**What the task requires**
Among the entries below, one line contains "using gen unfolding generating_triple_def hk2" and another contains "unfolding triple_lambda_def using". Transcribe those two lines and every line between them, exactly.

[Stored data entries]
_ _ _ _ _ _ _
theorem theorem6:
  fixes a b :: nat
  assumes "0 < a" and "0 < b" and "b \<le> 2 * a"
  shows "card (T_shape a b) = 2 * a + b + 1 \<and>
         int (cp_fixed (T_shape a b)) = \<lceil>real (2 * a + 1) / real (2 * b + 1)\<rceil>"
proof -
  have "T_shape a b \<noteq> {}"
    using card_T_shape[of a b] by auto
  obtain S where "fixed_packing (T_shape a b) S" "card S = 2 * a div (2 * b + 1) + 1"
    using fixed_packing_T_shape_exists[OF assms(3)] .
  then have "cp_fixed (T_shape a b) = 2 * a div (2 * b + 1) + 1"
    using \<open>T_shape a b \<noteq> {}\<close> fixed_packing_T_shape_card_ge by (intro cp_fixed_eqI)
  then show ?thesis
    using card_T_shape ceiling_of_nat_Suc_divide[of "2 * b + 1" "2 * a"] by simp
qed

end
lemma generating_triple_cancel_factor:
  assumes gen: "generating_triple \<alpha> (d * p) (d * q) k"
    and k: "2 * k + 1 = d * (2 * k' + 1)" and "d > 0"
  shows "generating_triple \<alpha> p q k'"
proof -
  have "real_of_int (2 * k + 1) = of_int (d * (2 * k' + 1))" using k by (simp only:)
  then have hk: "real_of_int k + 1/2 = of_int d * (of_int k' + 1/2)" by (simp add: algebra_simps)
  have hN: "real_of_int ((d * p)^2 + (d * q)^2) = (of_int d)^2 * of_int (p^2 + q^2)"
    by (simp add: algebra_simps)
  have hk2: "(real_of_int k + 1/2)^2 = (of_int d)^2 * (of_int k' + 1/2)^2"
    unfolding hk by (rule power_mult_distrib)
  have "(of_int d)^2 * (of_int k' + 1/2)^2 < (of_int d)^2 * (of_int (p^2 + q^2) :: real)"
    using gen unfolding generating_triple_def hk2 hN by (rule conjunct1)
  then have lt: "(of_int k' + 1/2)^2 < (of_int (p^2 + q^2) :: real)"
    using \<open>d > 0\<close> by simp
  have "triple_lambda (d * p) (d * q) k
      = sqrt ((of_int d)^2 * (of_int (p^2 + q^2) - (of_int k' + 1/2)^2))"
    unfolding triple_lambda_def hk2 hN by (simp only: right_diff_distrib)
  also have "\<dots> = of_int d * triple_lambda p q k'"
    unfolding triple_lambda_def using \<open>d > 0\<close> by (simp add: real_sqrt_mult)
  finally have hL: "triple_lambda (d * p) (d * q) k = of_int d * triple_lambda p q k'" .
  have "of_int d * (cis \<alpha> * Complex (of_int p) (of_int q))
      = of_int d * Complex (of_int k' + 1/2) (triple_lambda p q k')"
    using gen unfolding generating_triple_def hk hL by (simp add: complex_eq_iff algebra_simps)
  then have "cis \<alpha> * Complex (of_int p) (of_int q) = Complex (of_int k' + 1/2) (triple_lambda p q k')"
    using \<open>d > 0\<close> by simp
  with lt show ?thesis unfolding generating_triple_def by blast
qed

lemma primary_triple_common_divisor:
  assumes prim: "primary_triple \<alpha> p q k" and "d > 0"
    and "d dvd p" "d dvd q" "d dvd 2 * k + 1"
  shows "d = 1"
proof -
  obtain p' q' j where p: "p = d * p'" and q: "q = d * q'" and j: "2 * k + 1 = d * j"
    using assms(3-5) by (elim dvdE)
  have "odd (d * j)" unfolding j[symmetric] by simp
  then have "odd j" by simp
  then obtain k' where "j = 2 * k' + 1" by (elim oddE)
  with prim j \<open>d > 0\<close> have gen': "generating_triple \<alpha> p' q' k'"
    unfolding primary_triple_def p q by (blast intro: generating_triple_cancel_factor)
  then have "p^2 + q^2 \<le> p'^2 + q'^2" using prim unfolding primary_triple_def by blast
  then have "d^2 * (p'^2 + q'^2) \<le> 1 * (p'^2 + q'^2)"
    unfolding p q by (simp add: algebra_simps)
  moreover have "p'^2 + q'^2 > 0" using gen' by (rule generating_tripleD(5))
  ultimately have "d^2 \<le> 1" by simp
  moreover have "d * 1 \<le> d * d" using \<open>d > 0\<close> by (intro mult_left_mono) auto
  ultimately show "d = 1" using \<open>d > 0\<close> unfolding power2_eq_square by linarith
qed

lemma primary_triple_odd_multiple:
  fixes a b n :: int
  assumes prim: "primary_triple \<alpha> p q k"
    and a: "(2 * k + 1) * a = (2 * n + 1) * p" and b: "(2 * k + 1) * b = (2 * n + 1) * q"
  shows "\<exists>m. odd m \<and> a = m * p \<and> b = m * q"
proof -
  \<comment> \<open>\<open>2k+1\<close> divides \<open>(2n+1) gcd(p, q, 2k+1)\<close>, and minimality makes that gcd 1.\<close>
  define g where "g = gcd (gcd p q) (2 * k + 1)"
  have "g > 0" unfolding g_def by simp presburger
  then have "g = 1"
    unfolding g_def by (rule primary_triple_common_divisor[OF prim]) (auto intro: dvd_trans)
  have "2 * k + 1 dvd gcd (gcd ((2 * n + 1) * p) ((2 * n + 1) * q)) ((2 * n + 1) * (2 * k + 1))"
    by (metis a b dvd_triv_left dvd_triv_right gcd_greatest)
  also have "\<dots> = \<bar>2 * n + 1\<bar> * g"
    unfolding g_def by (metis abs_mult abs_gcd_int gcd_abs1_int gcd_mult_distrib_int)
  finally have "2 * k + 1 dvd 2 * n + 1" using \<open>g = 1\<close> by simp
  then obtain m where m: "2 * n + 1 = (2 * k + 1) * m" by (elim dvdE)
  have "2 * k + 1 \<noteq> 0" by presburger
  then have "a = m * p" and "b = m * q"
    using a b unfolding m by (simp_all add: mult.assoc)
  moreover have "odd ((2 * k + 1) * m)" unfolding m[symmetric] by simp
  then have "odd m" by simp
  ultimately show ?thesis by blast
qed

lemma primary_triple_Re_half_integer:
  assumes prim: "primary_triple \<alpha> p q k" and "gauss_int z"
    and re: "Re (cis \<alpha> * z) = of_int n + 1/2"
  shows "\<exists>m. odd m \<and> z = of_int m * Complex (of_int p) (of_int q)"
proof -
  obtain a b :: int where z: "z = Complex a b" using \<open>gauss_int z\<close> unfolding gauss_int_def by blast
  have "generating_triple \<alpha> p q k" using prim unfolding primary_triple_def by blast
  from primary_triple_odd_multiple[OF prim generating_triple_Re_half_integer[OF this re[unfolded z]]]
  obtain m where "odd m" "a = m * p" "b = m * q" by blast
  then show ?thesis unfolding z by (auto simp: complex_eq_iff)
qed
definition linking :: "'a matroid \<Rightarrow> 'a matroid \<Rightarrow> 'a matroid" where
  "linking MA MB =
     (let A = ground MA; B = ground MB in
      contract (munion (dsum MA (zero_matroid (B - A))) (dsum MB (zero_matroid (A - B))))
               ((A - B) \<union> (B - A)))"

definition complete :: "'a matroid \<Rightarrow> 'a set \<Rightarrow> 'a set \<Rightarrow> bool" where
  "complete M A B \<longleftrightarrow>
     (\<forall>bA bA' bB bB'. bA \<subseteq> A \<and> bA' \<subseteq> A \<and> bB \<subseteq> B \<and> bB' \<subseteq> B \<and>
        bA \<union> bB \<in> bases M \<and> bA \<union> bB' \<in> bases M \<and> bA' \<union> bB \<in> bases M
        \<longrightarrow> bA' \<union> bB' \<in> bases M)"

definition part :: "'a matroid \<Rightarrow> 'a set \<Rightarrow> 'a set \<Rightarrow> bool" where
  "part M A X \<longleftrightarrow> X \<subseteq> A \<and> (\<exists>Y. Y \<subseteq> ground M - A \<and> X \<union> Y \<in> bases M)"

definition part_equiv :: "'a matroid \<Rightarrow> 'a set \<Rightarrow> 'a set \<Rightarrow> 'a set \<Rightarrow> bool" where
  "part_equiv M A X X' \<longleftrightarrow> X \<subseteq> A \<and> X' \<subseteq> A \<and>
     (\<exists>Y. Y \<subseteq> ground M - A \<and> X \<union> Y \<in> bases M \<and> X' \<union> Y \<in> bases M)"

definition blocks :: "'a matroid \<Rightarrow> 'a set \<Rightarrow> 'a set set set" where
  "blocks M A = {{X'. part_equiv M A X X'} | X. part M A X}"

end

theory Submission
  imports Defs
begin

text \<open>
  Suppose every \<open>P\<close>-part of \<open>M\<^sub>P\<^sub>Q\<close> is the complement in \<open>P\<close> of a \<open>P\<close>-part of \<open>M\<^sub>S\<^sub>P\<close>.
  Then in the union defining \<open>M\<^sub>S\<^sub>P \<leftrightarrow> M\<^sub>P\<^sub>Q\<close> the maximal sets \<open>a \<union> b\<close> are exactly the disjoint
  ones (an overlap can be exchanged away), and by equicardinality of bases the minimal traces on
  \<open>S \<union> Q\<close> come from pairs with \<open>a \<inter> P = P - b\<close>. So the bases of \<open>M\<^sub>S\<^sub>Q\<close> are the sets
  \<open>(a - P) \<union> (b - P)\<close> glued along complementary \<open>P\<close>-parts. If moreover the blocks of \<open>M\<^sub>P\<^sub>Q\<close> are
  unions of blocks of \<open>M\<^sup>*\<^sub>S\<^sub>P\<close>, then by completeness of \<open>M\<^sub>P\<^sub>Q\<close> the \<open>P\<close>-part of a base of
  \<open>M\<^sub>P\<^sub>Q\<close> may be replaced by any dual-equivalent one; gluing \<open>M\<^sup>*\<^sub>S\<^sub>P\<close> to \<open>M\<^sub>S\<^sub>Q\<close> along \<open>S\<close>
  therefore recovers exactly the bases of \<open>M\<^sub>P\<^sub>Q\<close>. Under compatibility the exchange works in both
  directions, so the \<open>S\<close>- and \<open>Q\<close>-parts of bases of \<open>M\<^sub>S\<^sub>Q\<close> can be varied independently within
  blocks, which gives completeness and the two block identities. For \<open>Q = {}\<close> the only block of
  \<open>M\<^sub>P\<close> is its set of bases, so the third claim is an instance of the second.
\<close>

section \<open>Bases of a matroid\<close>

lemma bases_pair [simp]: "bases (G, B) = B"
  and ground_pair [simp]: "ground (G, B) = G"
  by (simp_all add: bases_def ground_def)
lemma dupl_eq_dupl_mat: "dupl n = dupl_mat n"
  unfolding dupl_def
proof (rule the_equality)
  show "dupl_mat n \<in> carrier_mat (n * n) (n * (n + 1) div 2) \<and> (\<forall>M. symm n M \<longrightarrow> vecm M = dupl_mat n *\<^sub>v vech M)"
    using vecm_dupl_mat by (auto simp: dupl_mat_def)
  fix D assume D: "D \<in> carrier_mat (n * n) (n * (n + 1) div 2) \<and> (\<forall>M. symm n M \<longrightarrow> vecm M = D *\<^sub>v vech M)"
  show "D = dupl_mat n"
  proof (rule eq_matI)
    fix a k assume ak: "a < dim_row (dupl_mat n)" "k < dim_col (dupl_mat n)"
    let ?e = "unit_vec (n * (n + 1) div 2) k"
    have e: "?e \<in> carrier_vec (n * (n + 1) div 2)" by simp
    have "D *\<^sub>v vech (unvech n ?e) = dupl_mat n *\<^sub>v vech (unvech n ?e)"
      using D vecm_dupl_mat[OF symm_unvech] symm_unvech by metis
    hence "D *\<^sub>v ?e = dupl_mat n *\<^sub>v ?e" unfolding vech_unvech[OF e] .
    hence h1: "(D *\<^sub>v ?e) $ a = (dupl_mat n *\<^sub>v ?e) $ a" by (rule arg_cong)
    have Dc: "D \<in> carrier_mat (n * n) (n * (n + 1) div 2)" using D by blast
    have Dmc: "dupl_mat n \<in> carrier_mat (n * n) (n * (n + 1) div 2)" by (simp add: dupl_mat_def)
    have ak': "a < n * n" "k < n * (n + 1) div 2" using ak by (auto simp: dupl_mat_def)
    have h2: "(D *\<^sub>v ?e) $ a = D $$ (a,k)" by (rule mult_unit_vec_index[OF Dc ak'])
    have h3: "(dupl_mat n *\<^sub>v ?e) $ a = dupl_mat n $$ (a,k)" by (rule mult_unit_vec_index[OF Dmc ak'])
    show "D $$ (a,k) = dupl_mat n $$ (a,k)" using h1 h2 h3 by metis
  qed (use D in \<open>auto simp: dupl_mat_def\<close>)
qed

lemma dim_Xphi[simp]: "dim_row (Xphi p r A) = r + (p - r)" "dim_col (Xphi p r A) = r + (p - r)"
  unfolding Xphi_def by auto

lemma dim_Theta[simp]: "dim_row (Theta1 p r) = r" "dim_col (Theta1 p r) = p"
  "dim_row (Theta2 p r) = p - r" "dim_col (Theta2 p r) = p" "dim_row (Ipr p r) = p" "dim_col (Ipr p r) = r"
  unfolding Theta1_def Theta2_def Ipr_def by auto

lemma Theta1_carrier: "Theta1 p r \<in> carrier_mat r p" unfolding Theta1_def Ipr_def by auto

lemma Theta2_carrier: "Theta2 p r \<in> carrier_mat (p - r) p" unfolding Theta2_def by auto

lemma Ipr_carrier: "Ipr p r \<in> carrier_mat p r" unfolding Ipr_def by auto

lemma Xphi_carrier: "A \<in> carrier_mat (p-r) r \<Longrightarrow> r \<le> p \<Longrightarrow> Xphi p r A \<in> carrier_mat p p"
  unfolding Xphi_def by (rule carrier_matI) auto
_ _ _ _ _ _ _
**Exercise answer**
    using gen unfolding generating_triple_def hk2 hN by (rule conjunct1)
  then have lt: "(of_int k' + 1/2)^2 < (of_int (p^2 + q^2) :: real)"
    using \<open>d > 0\<close> by simp
  have "triple_lambda (d * p) (d * q) k
      = sqrt ((of_int d)^2 * (of_int (p^2 + q^2) - (of_int k' + 1/2)^2))"
    unfolding triple_lambda_def hk2 hN by (simp only: right_diff_distrib)
  also have "\<dots> = of_int d * triple_lambda p q k'"
    unfolding triple_lambda_def using \<open>d > 0\<close> by (simp add: real_sqrt_mult)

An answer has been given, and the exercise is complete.